Learning Assembly

Note on this tutorial

I wrote this tutorial many years ago (2001-2002). Because of the large number of links pointing to it I've left it up. However, I no longer support it. Please do not contact me asking for help with QBASIC, ASM, or other programming issues. Also, please do not contact me about minor errors in the text: the text of this tutorial is mostly unedited, and only the presentation and markup have been significantly updated (to valid XHTML 1.0 strict). If there are major errors which significantly interfere with readability, though, please feel free to bring them to my attention - Billy Wenge-Murphy
This tutorial is (c) 2001-2007 Billy Wenge-Murphy. All rights reserved. It may not be copied, reproduced, or redistributed in any form without permission. If you wish to share it, please link to it instead of reposting it.

While learning ASM, I found many tutorials to be very confusing, and did not cover assembly in the detail that's necessary for such a complicated programming language as this one. So, I write this rudimentary tutorial in order to ease the pain others may have learning ASM.

The problem with most beginner level tutorials is that they assume the reader has previous programming knowledge in one language or another. While I'll make comments that draw connections between programming in BASIC and ASM, i hope to write this is such a way that you can skip these remarks without affecting your learning, therefore making this a completely newbie-level tutorial.

First off, i believe it very difficult to learn programming without programming as you learn. So, i suggest you have a copy of TASM, a necessary utility for writing assembly programs.

Also before you start, it's important that you understand about hexadecimal + binary.

2.1 - Introduction to programming

[Those with programming experience in any other language may want to ignore this section]

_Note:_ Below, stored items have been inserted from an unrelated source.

(* Let $p>0$ and let $(u_n)_{n\ge0}$ be a sequence in $E^1$ which is $E_p$ summable to $\mu\in E^1$. If $\sqrt{n}\,D(u_{n-1},u_n)=O(1)$ as $n\to\infty$, then $(u_n)$ is bounded, i.e. there is $M>0$ with $D(u_n,\overline{0})<M$ for all $n$.
   Context: $E^1$ denotes the set of fuzzy numbers: functions $u:\mathbb{R}\to[0,1]$ that are normal, fuzzy convex, upper semicontinuous, and have compact support $\overline{\{t:u(t)>0\}}$. For $\alpha\in(0,1]$ the $\alpha$-level set is $[u]_\alpha=\{t:u(t)\ge\alpha\}$ and $[u]_0=\overline{\{t:u(t)>0\}}$; each is a compact interval $[u^-_\alpha,u^+_\alpha]$. Addition and scalar multiplication are defined levelwise: $[u+v]_\alpha=[u^-_\alpha+v^-_\alpha,u^+_\alpha+v^+_\alpha]$ and $[ku]_\alpha=k[u]_\alpha$ for $k\in\mathbb{R}$. The metric is $D(u,v)=\sup_{\alpha\in[0,1]}\max\{|u^-_\alpha-v^-_\alpha|,|u^+_\alpha-v^+_\alpha|\}$. $\overline{0}$ is the fuzzy number equal to $1$ at $0$ and $0$ elsewhere. For $p>0$ the Euler means are $t^{p}_n=\frac{1}{(p+1)^n}\sum_{k=0}^n\binom{n}{k}p^{n-k}u_k$, and $(u_n)$ is $E_p$ summable to $\mu$ if $D(t^p_n,\mu)\to0$. *)

theory Defs
  imports "HOL-Analysis.Analysis" "HOL-Library.Landau_Symbols"
begin

type_synonym fuzzy = "real \<Rightarrow> real"

definition usc :: "fuzzy \<Rightarrow> bool" where
  "usc u \<longleftrightarrow> (\<forall>x e. e > 0 \<longrightarrow> eventually (\<lambda>y. u y < u x + e) (at x))"

definition fuzzy_number :: "fuzzy \<Rightarrow> bool" where
  "fuzzy_number u \<longleftrightarrow>
     (\<forall>t. 0 \<le> u t \<and> u t \<le> 1)
   \<and> (\<exists>t. u t = 1)
   \<and> (\<forall>x y l. 0 \<le> l \<and> l \<le> 1 \<longrightarrow> min (u x) (u y) \<le> u (l * x + (1 - l) * y))
   \<and> usc u
   \<and> compact (closure {t. u t > 0})"

definition levelset :: "fuzzy \<Rightarrow> real \<Rightarrow> real set" where
  "levelset u \<alpha> = (if \<alpha> = 0 then closure {t. u t > 0} else {t. \<alpha> \<le> u t})"

definition lo :: "fuzzy \<Rightarrow> real \<Rightarrow> real" where
  "lo u \<alpha> = Inf (levelset u \<alpha>)"

definition hi :: "fuzzy \<Rightarrow> real \<Rightarrow> real" where
  "hi u \<alpha> = Sup (levelset u \<alpha>)"

text \<open>The fuzzy number whose alpha-level sets (alpha in (0,1]) are [L alpha, H alpha].\<close>
definition from_levels :: "(real \<Rightarrow> real) \<Rightarrow> (real \<Rightarrow> real) \<Rightarrow> fuzzy" where
  "from_levels L H = (\<lambda>t. Sup ({0} \<union> {\<alpha>. 0 < \<alpha> \<and> \<alpha> \<le> 1 \<and> L \<alpha> \<le> t \<and> t \<le> H \<alpha>}))"

definition fadd :: "fuzzy \<Rightarrow> fuzzy \<Rightarrow> fuzzy" where
  "fadd u v = from_levels (\<lambda>\<alpha>. lo u \<alpha> + lo v \<alpha>) (\<lambda>\<alpha>. hi u \<alpha> + hi v \<alpha>)"

definition fscale :: "real \<Rightarrow> fuzzy \<Rightarrow> fuzzy" where
  "fscale k u = from_levels (\<lambda>\<alpha>. min (k * lo u \<alpha>) (k * hi u \<alpha>))
                            (\<lambda>\<alpha>. max (k * lo u \<alpha>) (k * hi u \<alpha>))"

definition fzero :: fuzzy where
  "fzero = (\<lambda>t. if t = 0 then 1 else 0)"

definition fdist :: "fuzzy \<Rightarrow> fuzzy \<Rightarrow> real" where
  "fdist u v = (SUP \<alpha>\<in>{0..1}. max \<bar>lo u \<alpha> - lo v \<alpha>\<bar> \<bar>hi u \<alpha> - hi v \<alpha>\<bar>)"

fun fsum_upto :: "(nat \<Rightarrow> fuzzy) \<Rightarrow> nat \<Rightarrow> fuzzy" where
  "fsum_upto f 0 = f 0"
| "fsum_upto f (Suc n) = fadd (fsum_upto f n) (f (Suc n))"

definition euler_mean :: "real \<Rightarrow> (nat \<Rightarrow> fuzzy) \<Rightarrow> nat \<Rightarrow> fuzzy" where
  "euler_mean p u n = fscale (1 / (p + 1) ^ n)
     (fsum_upto (\<lambda>k. fscale (real (n choose k) * p ^ (n - k)) (u k)) n)"
lemma colorable_if_minus_uv_colorable:
  assumes "total_colorable V (E - {{u, v}}) 9"
  shows "total_colorable V E 9"
proof -
  obtain f g where fg: "total_coloring V (E - {{u, v}}) 9 f g"
    using assms by (auto simp: total_colorable_def)
  obtain g' where g': "\<forall>e\<in>E. g' e \<in> {1..9}" "\<forall>p\<in>V. inj_on g' (star E p)"
    "\<forall>p\<in>V - {u, w, z}. f p \<notin> g' ` star E p"
    by (rule edge_recoloring[OF fg])
  have "\<forall>p\<in>V. f p \<in> {1..9}" "\<forall>p\<in>V. \<forall>q\<in>V. adj (E - {{u, v}}) p q \<longrightarrow> f p \<noteq> f q"
    using fg by (simp_all add: total_coloring_def)
  then have "\<forall>p\<in>V - {u, w, z}. f p \<in> {1..9}"
    "\<forall>p\<in>V - {u, w, z}. \<forall>q\<in>V - {u, w, z}. adj E p q \<longrightarrow> f p \<noteq> f q"
    by (auto simp: adj_def doubleton_eq_iff)
  moreover have "\<forall>a\<in>{u, w, z}. 2 * degree E a < 9"
    using degree_u degree_w degree_z by simp
  ultimately show ?thesis
    using total_colorable_if_recolor_independent[OF simple independent_uwz] g' by blast
qed

lemma not_minimal_counterexample: "\<not> minimal_counterexample V E"
proof
  assume mc: "minimal_counterexample V E"
  then have "total_colorable V (E - {{u, v}}) 9"
    using minimal_counterexample_subgraph_colorable edges(1) by blast
  then show False
    using colorable_if_minus_uv_colorable mc by (simp add: minimal_counterexample_def)
qed

end

theorem lemma2p14:
  fixes V :: "'a set" and E :: "'a set set"
  assumes "minimal_counterexample V E"
  shows "\<not> (\<exists>v u w y z t x. v \<in> V \<and> x \<in> V \<and> degree E v = 8 \<and>
            distinct [u, w, y, z, t] \<and>
            adj E v u \<and> adj E v w \<and> adj E v y \<and> adj E v z \<and> adj E v t \<and>
            x \<notin> {v, u, w, y, z, t} \<and>
            degree E u = 2 \<and> degree E w = 3 \<and> degree E z = 3 \<and>
            adj E x u \<and> adj E x w \<and> adj E w y \<and> adj E z t)"
proof -
  have "\<not> degree8_configuration V E v u w y z t x" for v u w y z t x
    using degree8_configuration.not_minimal_counterexample[of V E v u w y z t x] assms by blast
  moreover have "simple_graph V E"
    using assms by (simp add: minimal_counterexample_def)
  ultimately show ?thesis
    unfolding degree8_configuration_def by blast
qed

end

So what is programming anyway. Well, the basic idea is that a computer program is made up of a bunch of "instructions" that a computer follows. For the most part, a program is made by typing in a bunch of instructions that make much more sense to us than they do to the computer. Then, they are translated, "compiled" or "assembled" into a program that the computer can understand. This is why you need to download an install the software higher up on this page.
For our means, we can type these commands into a simple, standard text editor such as "notepad". Actually, this is preferred - if you use a more advanced program like Microsoft Word, you'll have to make sure that you save it as "text only". So, if you can, use Notepad. It's standard with all versions of windows.

2.2 - Your first program

Open up notepad, or whatever you happen to have decided to type with. For a start, your programs should always have this skeleton

.MODEL SMALL
.STACK 200H
.CODE
START:

END START

That is, all your programs should include these lines. Your whole program will go in lines between "start" and "end start".

It's very important that if you copy these lines into your file instead of using Copy+Paste, notice the periods at the beginning of the first few lines. And, notice the colon after START. Even the smallest dot is a very important piece in programming so never overlook them.

Now, start and end start don't really mean much to a computer. But, to use, start is the beginning of something. And end start doesn't make a lot of logical sense to us, but that's how it goes, so just grin and bear it. End Start tell where the end of the part of the main program is. But right now, our program does absolutely nothing!. So, we may want to learn about the different commands we can use in assembly.

2.3 - Interrupts

We can write a very simple program that puts just a character of text on the screen using just "interrupts". If you're familiar with any higher level languages, you can think of interrupts as essentially commands.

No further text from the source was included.